EXERCISE DIRECTIONS -> Check every line of the entries that follow, and copy the ones containing "where".

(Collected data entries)
theorem theorem1:
  fixes \<epsilon> r :: real
  assumes "\<epsilon> > 0" and "r > 0"
  shows "(\<exists>n k \<alpha> v b. alpha_ok n k \<alpha> \<and> types_ok n v \<and> vcg_revenue n \<alpha> v \<ge> r \<and>
            nash n \<alpha> (avcg_payment n k \<alpha>) v b \<and> revenue n (avcg_payment n k \<alpha>) b \<le> \<epsilon>)
       \<and> (\<exists>n k \<alpha> v b. alpha_ok n k \<alpha> \<and> types_ok n v \<and> vcg_revenue n \<alpha> v \<ge> r \<and>
            nash n \<alpha> (gsp_payment n \<alpha>) v b \<and> revenue n (gsp_payment n \<alpha>) b \<le> \<epsilon>)"
proof -
  define v :: "nat \<Rightarrow> real" where "v = (\<lambda>_. r)"
  define b :: "nat \<Rightarrow> real" where "b = (\<lambda>_. 0)(0 := r)"
  have types: "types_ok 2 v"
    using assms by (simp add: types_ok_def v_def)
  have alpha: "alpha_ok 2 1 single_slot"
    by (simp add: alpha_ok_single_slot)
  have vcg: "vcg_revenue 2 single_slot v \<ge> r"
    using vcg_revenue_single_slot_two_agents[OF types] by (simp add: v_def)
  have equilibrium: "nash 2 single_slot pay v b \<and> revenue 2 pay b \<le> \<epsilon>"
    if "pay = second_price_payment" for pay
  proof
    show "nash 2 single_slot pay v b"
      unfolding that using types by (rule nash_second_price_payment) (simp_all add: v_def b_def)
    show "revenue 2 pay b \<le> \<epsilon>"
      unfolding that using assms by (simp add: revenue_second_price_payment b_def)
  qed
  show ?thesis
    using alpha types vcg equilibrium[OF avcg_payment_single_slot_two_agents]
      equilibrium[OF gsp_payment_single_slot_two_agents]
    by blast
qed

end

TASK SOLUTION ->
  define v :: "nat \<Rightarrow> real" where "v = (\<lambda>_. r)"
  define b :: "nat \<Rightarrow> real" where "b = (\<lambda>_. 0)(0 := r)"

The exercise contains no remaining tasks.